REVIEW: True Shot by Joyce Lamb
Dear Ms. Lamb:
Why hello there. I had no idea you wrote such fun and entertaining characters. I admit that I was initially put off by the series because it featured heroines with psychic abilities. While Now You See Her and Dream Man by Linda Howard are two of my favorite contemporaries, psychic characters have always seemed a bit twee to me and I’ve never fully climbed on board with that type of paranormal. I particularly disliked the use of pyschic abilities in romantic suspense, in part because I think the psychic part reduces the suspense part and raises all kinds of questions.
This is my long involved excuse as to why I passed you over before. But True Shot has a lot of those different elements in the strong female protagonist and the less than alpha male protagonist. At it’s core, True Shot is a adventure road romance wherein the two flee for their lives while searching for answers which are primarily presented in a series of sort flashbacks as Sam West recovers her memories.

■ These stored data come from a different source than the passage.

lemma abs_rect_sum_le_sdp_value:
  assumes "S \<subseteq> {..<m}" "T \<subseteq> {..<n}"
  shows "\<bar>rect_sum B S T\<bar> \<le> sdp_value m n B"
proof -
  have "(\<Sum>i<m. \<Sum>j<n. B i j * (\<sigma> * of_bool (i \<in> S)) * of_bool (j \<in> T)) \<le> sdp_value m n B"
    if "\<bar>\<sigma>\<bar> = 1" for \<sigma> :: real
    by (rule bilinear_le_sdp_value) (simp_all add: that)
  from this[of 1] this[of "-1"] show ?thesis
    unfolding rect_sum_eq_bilinear[OF assms]
    by (simp add: abs_le_iff sum_negf algebra_simps)
qed

definition centered :: "nat \<Rightarrow> nat \<Rightarrow> (nat \<Rightarrow> nat \<Rightarrow> real) \<Rightarrow> nat \<Rightarrow> nat \<Rightarrow> real" where
  "centered m n M i j = M i j - density m n M"

lemma disc_rect_eq_rect_sum: "disc_rect m n M S T = rect_sum (centered m n M) S T"
  unfolding disc_rect_def rect_sum_def centered_def
  by (simp add: sum_subtractf sum_distrib_left algebra_simps)

lemma rect_sum_centered_total:
  "m \<ge> 1 \<Longrightarrow> n \<ge> 1 \<Longrightarrow> rect_sum (centered m n M) {..<m} {..<n} = 0"
  by (simp add: disc_rect_eq_rect_sum[symmetric] disc_rect_def density_def)

lemma disc_plus_eq_Max:
  "disc_plus m n M = Max ((\<lambda>(S, T). rect_sum (centered m n M) S T) ` (Pow {..<m} \<times> Pow {..<n}))"
  unfolding disc_plus_def disc_rect_eq_rect_sum by (rule arg_cong[where f = Max]) auto

lemma disc_minus_eq_Max:
  "disc_minus m n M = Max ((\<lambda>(S, T). - rect_sum (centered m n M) S T) ` (Pow {..<m} \<times> Pow {..<n}))"
  unfolding disc_minus_def disc_rect_eq_rect_sum by (rule arg_cong[where f = Max]) auto

lemma rect_sum_le_disc_plus:
  "S \<subseteq> {..<m} \<Longrightarrow> T \<subseteq> {..<n} \<Longrightarrow> rect_sum (centered m n M) S T \<le> disc_plus m n M"
  unfolding disc_plus_eq_Max by (rule Max_ge) auto

lemma neg_rect_sum_le_disc_minus:
  "S \<subseteq> {..<m} \<Longrightarrow> T \<subseteq> {..<n} \<Longrightarrow> - rect_sum (centered m n M) S T \<le> disc_minus m n M"
  unfolding disc_minus_eq_Max by (rule Max_ge) auto

lemma disc_plus_attained:
  obtains S T where "S \<subseteq> {..<m}" "T \<subseteq> {..<n}" "disc_plus m n M = rect_sum (centered m n M) S T"
proof -
  have "disc_plus m n M \<in> (\<lambda>(S, T). rect_sum (centered m n M) S T) ` (Pow {..<m} \<times> Pow {..<n})"
    unfolding disc_plus_eq_Max by (rule Max_in) auto
  then show ?thesis
    using that by auto
qed

lemma disc_minus_attained:
  obtains S T where "S \<subseteq> {..<m}" "T \<subseteq> {..<n}" "disc_minus m n M = - rect_sum (centered m n M) S T"
proof -
  have "disc_minus m n M \<in> (\<lambda>(S, T). - rect_sum (centered m n M) S T) ` (Pow {..<m} \<times> Pow {..<n})"
    unfolding disc_minus_eq_Max by (rule Max_in) auto
  then show ?thesis
    using that by auto
qed

text \<open>The four rectangles cut out by S, T and their complements sum to zero.\<close>
lemma disc_minus_le_disc_plus:
  assumes "m \<ge> 1" "n \<ge> 1"
  shows "disc_minus m n M \<le> 3 * disc_plus m n M"
proof -
  obtain S T where ST: "S \<subseteq> {..<m}" "T \<subseteq> {..<n}"
    and disc: "disc_minus m n M = - rect_sum (centered m n M) S T"
    by (rule disc_minus_attained)
  show ?thesis
    using rect_sum_complement_split[OF ST finite_lessThan finite_lessThan, of "centered m n M"]
      rect_sum_centered_total[OF assms, of M] disc
      rect_sum_le_disc_plus[of "{..<m} - S" m T n M]
      rect_sum_le_disc_plus[of S m "{..<n} - T" n M]
      rect_sum_le_disc_plus[of "{..<m} - S" m "{..<n} - T" n M] ST
    by auto
qed

lemma disc_plus_le_disc_minus:
  assumes "m \<ge> 1" "n \<ge> 1"
  shows "disc_plus m n M \<le> 3 * disc_minus m n M"
proof -
  obtain S T where ST: "S \<subseteq> {..<m}" "T \<subseteq> {..<n}"
    and disc: "disc_plus m n M = rect_sum (centered m n M) S T"
    by (rule disc_plus_attained)
  show ?thesis
    using rect_sum_complement_split[OF ST finite_lessThan finite_lessThan, of "centered m n M"]
      rect_sum_centered_total[OF assms, of M] disc
      neg_rect_sum_le_disc_minus[of "{..<m} - S" m T n M]
      neg_rect_sum_le_disc_minus[of S m "{..<n} - T" n M]
      neg_rect_sum_le_disc_minus[of "{..<m} - S" m "{..<n} - T" n M] ST
    by auto
qed

lemma sum_lessThan_add_split:
  "(\<Sum>i<m + n. f i) = (\<Sum>i<m. f i) + (\<Sum>j<n. f (m + j))" for n :: nat
  by (induction n) (simp_all add: add.assoc)

lemma disc_mat_eq_sdp_obj:
  assumes sym: "\<And>i j. i < m + n \<Longrightarrow> j < m + n \<Longrightarrow> X i j = X j i"
  shows "disc_mat m n M X = 2 * sdp_obj m n (centered m n M) X"
proof -
  have "disc_mat m n M X = (\<Sum>i<m + n. \<Sum>j<m + n.
      X i j * (symmetrization m n M i j - density m n M * bip_L m n i j))"
    unfolding disc_mat_def frob_def by (simp add: sum_subtractf sum_distrib_left algebra_simps)
  also have "\<dots> = (\<Sum>i<m. \<Sum>j<n. X i (m + j) * centered m n M i j)
      + (\<Sum>j<n. \<Sum>i<m. X (m + j) i * centered m n M i j)"
    by (simp add: sum_lessThan_add_split sum.distrib symmetrization_def bip_L_def centered_def)
  also have "\<dots> = 2 * sdp_obj m n (centered m n M) X"
    unfolding sum.swap[of _ "{..<n}"] sdp_obj_def using sym
    by (simp add: sum_distrib_left algebra_simps)
  finally show ?thesis .
qed

lemma pdisc_eq_sdp_value: "pdisc m n M = 2 * sdp_value m n (centered m n M)"
proof -
  let ?F = "sdp_feasible (m + n)" and ?B = "centered m n M"
  have sym: "X i j = X j i" if "X \<in> ?F" "i < m + n" "j < m + n" for X i j
    using that unfolding sdp_feasible_def sym_psd_def by blast
  have pdisc: "pdisc m n M = Sup ((\<lambda>X. 2 * sdp_obj m n ?B X) ` ?F)"
  proof -
    have "{disc_mat m n M X | X. sym_psd (m + n) X \<and> (\<forall>i<m + n. X i i \<le> 1)} = disc_mat m n M ` ?F"
      unfolding sdp_feasible_def by blast
    also have "\<dots> = (\<lambda>X. 2 * sdp_obj m n ?B X) ` ?F"
      using disc_mat_eq_sdp_obj sym by (intro image_cong) blast+
    finally show ?thesis
      unfolding pdisc_def by simp
  qed
  have bdd: "bdd_above ((\<lambda>X. 2 * sdp_obj m n ?B X) ` ?F)"
    using sdp_obj_le_sdp_value by (intro bdd_aboveI2[where M = "2 * sdp_value m n ?B"]) auto
  show ?thesis
  proof (rule antisym)
    show "pdisc m n M \<le> 2 * sdp_value m n ?B"
      unfolding pdisc using sdp_feasible_zero[of "m + n"]
      by (intro cSup_least) (auto intro: sdp_obj_le_sdp_value)
    have "sdp_value m n ?B \<le> pdisc m n M / 2"
      unfolding pdisc using bdd by (intro sdp_value_le) (simp add: cSup_upper)
    then show "2 * sdp_value m n ?B \<le> pdisc m n M"
      by simp
  qed
qed

lemma disc_plus_le_sdp_value: "disc_plus m n M \<le> sdp_value m n (centered m n M)"
  by (metis disc_plus_attained abs_rect_sum_le_sdp_value abs_ge_self order_trans)

lemma disc_minus_le_sdp_value: "disc_minus m n M \<le> sdp_value m n (centered m n M)"
  by (metis disc_minus_attained abs_rect_sum_le_sdp_value abs_ge_minus_self order_trans)

lemma sdp_value_le_disc:
  "sdp_value m n (centered m n M) \<le> 256 * (disc_plus m n M + disc_minus m n M)"
proof -
  have "sdp_value m n (centered m n M) \<le> 128 * (2 * disc_plus m n M + 2 * disc_minus m n M)"
    by (intro sdp_value_le_bilinear_bound bilinear_le_rect_sums rect_sum_le_disc_plus
        neg_rect_sum_le_disc_minus)
  then show ?thesis
    by simp
qed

Mac Hunter is a newspaper journalist and good friends with the Trudeau sisters. He’s headed for burnout and they convince him to go to the family cabin in the Shenandoahs. Admittedly for someone seemingly at the end of his tether (a self medicating drunk teetering on the edge of alcoholism), Mac is shockingly put together such that the actual despair that drove him to the retreat seemed a bit artificial. Hard bitten reporter he is not.
And there are plot gaps throughout the story but much of that is forgiven by me because it’s rare to read about an awesome spy and the sidekick where the awesome spy is a woman:
She nodded but made no move to open her door.
“Sam?”
“Maybe it’s stupid, but I hope that whatever we learn in there doesn’t change . . .” She shook her head with a soft laugh.
“Change what?”
“Nothing. It’s foolish to think there’s anything even to change.”
“You mean, between us?” he asked, surprised. And hopeful.
“It’s been two days.”
His point exactly. “Well, I am your only friend right now. It’s like you’re Jason Bourne and I’m . . . I guess I’d be the . . . well, the resourceful girlfriend who gets killed at the beginning of the second movie. Hmm, not sure I care for that comparison on a couple of levels.”
The biggest problem with True Shot is that you actually see Sam, the super agent heroine, being super only in the beginning because she’s injured and then suffers a memory loss. Her weakened state allows Mac to show himself as capable while he whips out one self deprecating quip after another. There are additional plot holes such as Sam having multiple epiphanies about her time with the agency and how she got to be there in the first place and learning about the awesomeness that is Mac by seeing some of his memories. The reunion aspect with her sisters is largely glossed over and the ending is treacly where all wrongs are forgiven.
Even so, I still appreciated the portrayal of a strong and capable heroine who was dangerous even while she was injured. I thought the suspense portion of the story was fairly well done and that the villain of the story had a sympathetic storyline. The chemistry of Mac and Sam was immediate but not inappropriate and I liked that the two didn’t fall into each other’s arms at the first moment that they were alone.
The wry humor from Mac provided moments of lightness during the race forward. I don’t know what happened in previous novels, whether there was a build up of a story arc and I was just now seeing the pay off but there is no cliffhanger ending for the series arc. The book was fairly well self contained and the secrets that Sam kept were all revealed. Part of the reason, I think, that the secrets were all spilled out in one book despite the storyline being encompassing was the use of the Sam flashback memory scenes. A lot of information was dumped in small tidbits throughout. It worked but I can see that this shortcut would be irritating. I was still pleasantly entertained and I’ll seek out other books by you in the future. B-
Best regards,
Jane
True Shots Joyce Lamb ” TARGET=”_blank” /> Sony BN Goodreads
The title is wrong throughout this entire article–it is called “True Shot” not “True Shots.”
@Alice Thanks!
“I particularly disliked the use of pyschic abilities in romantic suspense, in part because I think the psychic part reduces the suspense part and raises all kinds of questions.”
THAT!! Maya Banks has psychics in her next two KGI books, which has completely killed the series for me. HATE it!!
I passed on Joyce Lamb’s series only a few days ago because of the psychic thing. I’m still undecided about it, because I only like paranormal in paranormal books – and even then, I hardly ever read books like that.